During the Second World War, two RAF Hawker Hurricane fighters crashed in the wood and some hollows visible in the wood are bomb craters. A wooden sculpture of a crashed Hurricane lies just west of Faesten Dic, carved by local sculptor Peter Leadbeater.

==Joyden's Wood Estate==
Joydens Wood Estate is home to several thousand people. Amenities include a post office, butcher, pharmacy, library, petrol station as well as local infant and junior schools. Community groups that meet at the Joydens Wood Community Centre in Birchwood Drive include a pre-school, a Women's Institute and a table tennis club. St Barnabas' Church in Tile Kiln Lane has a multi-purpose building used both by the church and community groups.
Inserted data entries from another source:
(* Let $H : \mathcal E(2) \rightarrow \mathcal E(4)$ be a chain homotopy between $(23) \circ F$ and $G$ (i.e. $\partial\circ H + H\circ\partial = (23)\circ F + G$) satisfying \begin{equation*} H \circ (12) = (12)(34) \circ H. \end{equation*} Then, for any $\mathcal E$-algebra $A$ and $i \geq 0$, the map $\zeta_i: A \otimes A \to A$ defined by \begin{equation*} \zeta_i(\alpha \otimes \beta) = H(\tilde{x}_i)(\alpha \otimes \alpha \otimes \beta \otimes \beta) \end{equation*} is a Cartan $i$-coboundary, i.e. \begin{equation*} (\partial \zeta_i)(\alpha \otimes \beta) = (\alpha \cup_0 \beta) \cup_i (\alpha \cup_0 \beta) + \sum_{i=j+k} (\alpha \cup_j \alpha) \cup_0 (\beta \cup_k \beta). \end{equation*}
   Context: All constructions are over $\mathbb F_2$. $\mathcal E$ denotes the Barratt-Eccles operad: $\mathcal E(r) = N_*(E(r))$, the normalized chains of the simplicial set $E(r)$ whose $n$-simplices are tuples $(\sigma_0,\dots,\sigma_n)$ of permutations in $\Sigma_r$ (faces delete, degeneracies repeat an entry), with $\Sigma_r$ acting by left multiplication on each entry, and operadic composition $\circ_{\mathcal E} = N_*(\circ_E)\circ EZ^r$, where $\circ_E$ applies composition of permutations coordinatewise and $EZ$ is the Eilenberg-Zilber map. An $\mathcal E$-algebra $A$ is an operad morphism $\mathcal E \to \mathrm{End}(A)$; elements of $\mathcal E$ are identified with their images, and $\partial$ on $\mathrm{Hom}$ complexes is $\partial f = \partial\circ f + f\circ\partial$. Let $\tilde{x}_i = (e, (12), e, \dots, (12)^i) \in \mathcal E(2)_i$. The cup-$i$ product on $A$ is $\alpha \cup_i \beta := \tilde{x}_i(\alpha \otimes \beta)$. The chain maps $F, G : \mathcal E(2) \to \mathcal E(4)$ are defined on basis elements by $F(\sigma_0,\dots,\sigma_n) = \circ_{\mathcal E}\big((\sigma_0,\dots,\sigma_n) \otimes \tilde{x}_0 \otimes \tilde{x}_0\big)$ and $G(\sigma_0,\dots,\sigma_n) = \circ_{\mathcal E}\big(\tilde{x}_0 \otimes AW(\sigma_0,\dots,\sigma_n)^{\otimes 2}\big)$, with $AW$ the Alexander-Whitney map applied to the diagonal simplex. *)

theory Defs
  imports "HOL-Combinatorics.Permutations" "HOL-Library.Poly_Mapping" "HOL-Library.Z2"
begin

section \<open>Normalized chains of the Barratt-Eccles simplicial sets, over F_2\<close>

text \<open>Permutations of {0..<r} (0-indexed), simplices of E(r) are lists (sigma_0,...,sigma_n)
  of permutations; chains are finitely supported F_2-valued functions on simplices.\<close>

type_synonym perm = "nat \<Rightarrow> nat"
type_synonym simp = "perm list"
type_synonym chain = "simp \<Rightarrow>\<^sub>0 bit"

definition nondeg :: "'v list \<Rightarrow> bool" where
  "nondeg s \<longleftrightarrow> (\<forall>i. Suc i < length s \<longrightarrow> s ! i \<noteq> s ! Suc i)"

text \<open>Class of a simplex in the normalized chains (degenerate simplices are zero).\<close>
definition bas :: "simp \<Rightarrow> chain" where
  "bas s = (if nondeg s then Poly_Mapping.single s 1 else 0)"

definition E_basis :: "nat \<Rightarrow> nat \<Rightarrow> simp set" where
  "E_basis r n = {s. length s = Suc n \<and> (\<forall>p\<in>set s. p permutes {..<r}) \<and> nondeg s}"

definition E_chains :: "nat \<Rightarrow> nat \<Rightarrow> chain set" where
  "E_chains r n = {c. Poly_Mapping.keys c \<subseteq> E_basis r n}"

definition linext :: "(simp \<Rightarrow> 'b::comm_monoid_add) \<Rightarrow> chain \<Rightarrow> 'b" where
  "linext f c = (\<Sum>s\<in>Poly_Mapping.keys c. f s)"

definition del_nth :: "nat \<Rightarrow> 'v list \<Rightarrow> 'v list" where
  "del_nth i s = take i s @ drop (Suc i) s"

definition bdE :: "simp \<Rightarrow> chain" where
  "bdE s = (if length s \<le> 1 then 0 else (\<Sum>i<length s. bas (del_nth i s)))"

definition bdC :: "chain \<Rightarrow> chain" where
  "bdC c = linext bdE c"

definition act :: "perm \<Rightarrow> simp \<Rightarrow> simp" where
  "act \<tau> s = map (\<lambda>\<sigma>. \<tau> \<circ> \<sigma>) s"

definition actc :: "perm \<Rightarrow> chain \<Rightarrow> chain" where
  "actc \<tau> c = linext (\<lambda>s. bas (act \<tau> s)) c"

text \<open>Composition of permutations in the (associative) permutation operad:
  gam ss sigma taus, where ss = [s_0,...,s_{r-1}] are the arities, sigma in Sigma_r,
  taus!j in Sigma_{s_j}. Output positions are grouped in blocks m = 0..r-1 of size
  s_{sigma m}; position (O_m + k) is sent to o_{sigma m} + tau_{sigma m}(k), where
  o_j is the offset of the j-th input block. This is the convention compatible with the
  action (sigma f)(x_0,...,x_{r-1}) = f(x_{sigma 0},...,x_{sigma (r-1)}) on End(A) below.\<close>
definition gam :: "nat list \<Rightarrow> perm \<Rightarrow> perm list \<Rightarrow> perm" where
  "gam ss \<sigma> \<tau>s p =
     (if p < sum_list ss then
        (let m = (LEAST m. p < (\<Sum>m'<Suc m. ss ! (\<sigma> m')));
             k = p - (\<Sum>m'<m. ss ! (\<sigma> m'))
         in (\<Sum>i<\<sigma> m. ss ! i) + (\<tau>s ! (\<sigma> m)) k)
      else p)"

text \<open>Binary Eilenberg-Zilber (shuffle) map on simplices, as staircase paths.\<close>
fun ez_paths :: "'a list \<Rightarrow> 'b list \<Rightarrow> ('a \<times> 'b) list list" where
  "ez_paths [] ys = []"
| "ez_paths xs [] = []"
| "ez_paths [a] ys = [map (\<lambda>b. (a, b)) ys]"
| "ez_paths xs [b] = [map (\<lambda>a. (a, b)) xs]"
| "ez_paths (a # a' # xs) (b # b' # ys) =
     map ((#) (a, b)) (ez_paths (a' # xs) (b # b' # ys) @ ez_paths (a # a' # xs) (b' # ys))"

text \<open>Iterated Eilenberg-Zilber map EZ(x_0 (x) EZ(x_1 (x) ...)); vertices of the
  product are lists (tuples) of vertices.\<close>
fun ez_multi :: "'a list list \<Rightarrow> 'a list list list" where
  "ez_multi [] = [[[]]]"
| "ez_multi (x # xs) =
     concat (map (\<lambda>w. map (map (\<lambda>(v, t). v # t)) (ez_paths x w)) (ez_multi xs))"

text \<open>Operadic composition on basis simplices: a in E(r), bs!j in E(ss!j), r = length ss.
  N(o_E) o EZ^r.\<close>
definition compE :: "nat list \<Rightarrow> simp \<Rightarrow> simp list \<Rightarrow> chain" where
  "compE ss a bs = sum_list (map (\<lambda>w. bas (map (\<lambda>v. gam ss (hd v) (tl v)) w)) (ez_multi (a # bs)))"

definition t12 :: perm where "t12 = Transposition.transpose 0 1"
definition t23 :: perm where "t23 = Transposition.transpose 1 2"
definition t12_34 :: perm where "t12_34 = Transposition.transpose 0 1 \<circ> Transposition.transpose 2 3"

definition xt :: "nat \<Rightarrow> simp" where
  "xt i = map (\<lambda>m. if even m then id else t12) [0..<Suc i]"

definition Fmap :: "simp \<Rightarrow> chain" where
  "Fmap s = compE [2, 2] s [xt 0, xt 0]"

text \<open>G(s) = o(xt 0 (x) AW(s,s)), AW of the diagonal simplex = sum of front (x) back faces.\<close>
definition Gmap :: "simp \<Rightarrow> chain" where
  "Gmap s = (\<Sum>k<length s. compE [2, 2] (xt 0) [take (Suc k) s, drop k s])"

text \<open>A graded F_2-vector space A = (direct sum of A n) with differential of degree -1.
  The underlying F_2-vector space is an abelian group of exponent 2.\<close>
definition graded_F2_complex :: "(int \<Rightarrow> 'a::ab_group_add set) \<Rightarrow> ('a \<Rightarrow> 'a) \<Rightarrow> bool" where
  "graded_F2_complex A dA \<longleftrightarrow>
     (\<forall>x::'a. x + x = 0) \<and>
     (\<forall>n. 0 \<in> A n \<and> (\<forall>x\<in>A n. \<forall>y\<in>A n. x + y \<in> A n)) \<and>
     (\<forall>x. \<exists>S c. finite S \<and> (\<forall>n\<in>S. c n \<in> A n) \<and> x = (\<Sum>n\<in>S. c n)) \<and>
     (\<forall>S c. finite S \<and> (\<forall>n\<in>S. c n \<in> A n) \<and> (\<Sum>n\<in>S. c n) = 0 \<longrightarrow> (\<forall>n\<in>S. c n = 0)) \<and>
     (\<forall>x y. dA (x + y) = dA x + dA y) \<and>
     (\<forall>n. \<forall>x\<in>A n. dA x \<in> A (n - 1)) \<and>
     (\<forall>x. dA (dA x) = 0)"

text \<open>Elements of Hom(A^{(x) r}, A) are represented as r-multilinear maps on lists of length r.\<close>
definition multilin :: "nat \<Rightarrow> ('a::ab_group_add list \<Rightarrow> 'a) \<Rightarrow> bool" where
  "multilin r f \<longleftrightarrow>
     (\<forall>xs j y. length xs = r \<and> j < r \<longrightarrow> f (xs[j := xs ! j + y]) = f xs + f (xs[j := y]))"

definition hom_deg :: "(int \<Rightarrow> 'a set) \<Rightarrow> nat \<Rightarrow> int \<Rightarrow> ('a list \<Rightarrow> 'a) \<Rightarrow> bool" where
  "hom_deg A r d f \<longleftrightarrow>
     (\<forall>xs ns. length xs = r \<and> (\<forall>j<r. xs ! j \<in> A (ns j)) \<longrightarrow> f xs \<in> A ((\<Sum>j<r. ns j) + d))"

definition homd :: "('a::ab_group_add \<Rightarrow> 'a) \<Rightarrow> nat \<Rightarrow> ('a list \<Rightarrow> 'a) \<Rightarrow> 'a list \<Rightarrow> 'a" where
  "homd dA r f xs = dA (f xs) + (\<Sum>j<r. f (xs[j := dA (xs ! j)]))"

definition phiC :: "(nat \<Rightarrow> simp \<Rightarrow> 'a list \<Rightarrow> 'a::ab_group_add) \<Rightarrow> nat \<Rightarrow> chain \<Rightarrow> 'a list \<Rightarrow> 'a" where
  "phiC \<phi> r c xs = linext (\<lambda>t. \<phi> r t xs) c"

definition block :: "nat list \<Rightarrow> nat \<Rightarrow> 'a list \<Rightarrow> 'a list" where
  "block ss j xs = take (ss ! j) (drop (\<Sum>i<j. ss ! i) xs)"

text \<open>An E-algebra structure: an operad morphism E -> End(A) (arities r >= 1), given on
  basis simplices by phi r s (extended linearly): degree-preserving, chain map,
  Sigma_r-equivariant, compatible with operadic composition and the unit.\<close>
definition E_algebra ::
  "(int \<Rightarrow> 'a::ab_group_add set) \<Rightarrow> ('a \<Rightarrow> 'a) \<Rightarrow> (nat \<Rightarrow> simp \<Rightarrow> 'a list \<Rightarrow> 'a) \<Rightarrow> bool" where
  "E_algebra A dA \<phi> \<longleftrightarrow>
     graded_F2_complex A dA \<and>
     (\<forall>r\<ge>1. \<forall>n. \<forall>s\<in>E_basis r n. multilin r (\<phi> r s) \<and> hom_deg A r (int n) (\<phi> r s)) \<and>
     (\<forall>r\<ge>1. \<forall>n. \<forall>s\<in>E_basis r n. \<forall>xs. length xs = r \<longrightarrow>
        phiC \<phi> r (bdE s) xs = homd dA r (\<phi> r s) xs) \<and>
     (\<forall>r\<ge>1. \<forall>n. \<forall>s\<in>E_basis r n. \<forall>\<tau>. \<tau> permutes {..<r} \<longrightarrow> (\<forall>xs. length xs = r \<longrightarrow>
        \<phi> r (act \<tau> s) xs = \<phi> r s (map (\<lambda>j. xs ! \<tau> j) [0..<r]))) \<and>
     (\<forall>ss a bs n ms. length ss \<ge> 1 \<and> (\<forall>j<length ss. ss ! j \<ge> 1) \<and>
        a \<in> E_basis (length ss) n \<and> length bs = length ss \<and>
        (\<forall>j<length ss. bs ! j \<in> E_basis (ss ! j) (ms j)) \<longrightarrow>
        (\<forall>xs. length xs = sum_list ss \<longrightarrow>
           phiC \<phi> (sum_list ss) (compE ss a bs) xs =
           \<phi> (length ss) a (map (\<lambda>j. \<phi> (ss ! j) (bs ! j) (block ss j xs)) [0..<length ss]))) \<and>
     (\<forall>x. \<phi> 1 [id] [x] = x)"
The scouts and guides have a hall; there is also a Freeholders' Association.
Local authority administration of the estate is split between the London Borough of Bexley within Greater London and the Borough of Dartford within Kent.

== Demography ==
According to the 2011 census, 86% of the population is White British.

==Transport==
===Rail===
The nearest National Rail station to Joyden's Wood is Bexley, located 1.8 miles away.

===Buses===
Joyden's Wood is served by Go-Coach route 429 (Monday to Saturday) to Dartford and to West Kingsdown via Swanley and London Buses route B12 to Erith via Bexley & Bexleyheath.

==Nearby areas==
Joyden's Wood borders Dartford to the north, Wilmington to the north east and east, Hextable to the south east, Swanley to the south, Ruxley to the south west, North Cray to the west and Bexley to the north west.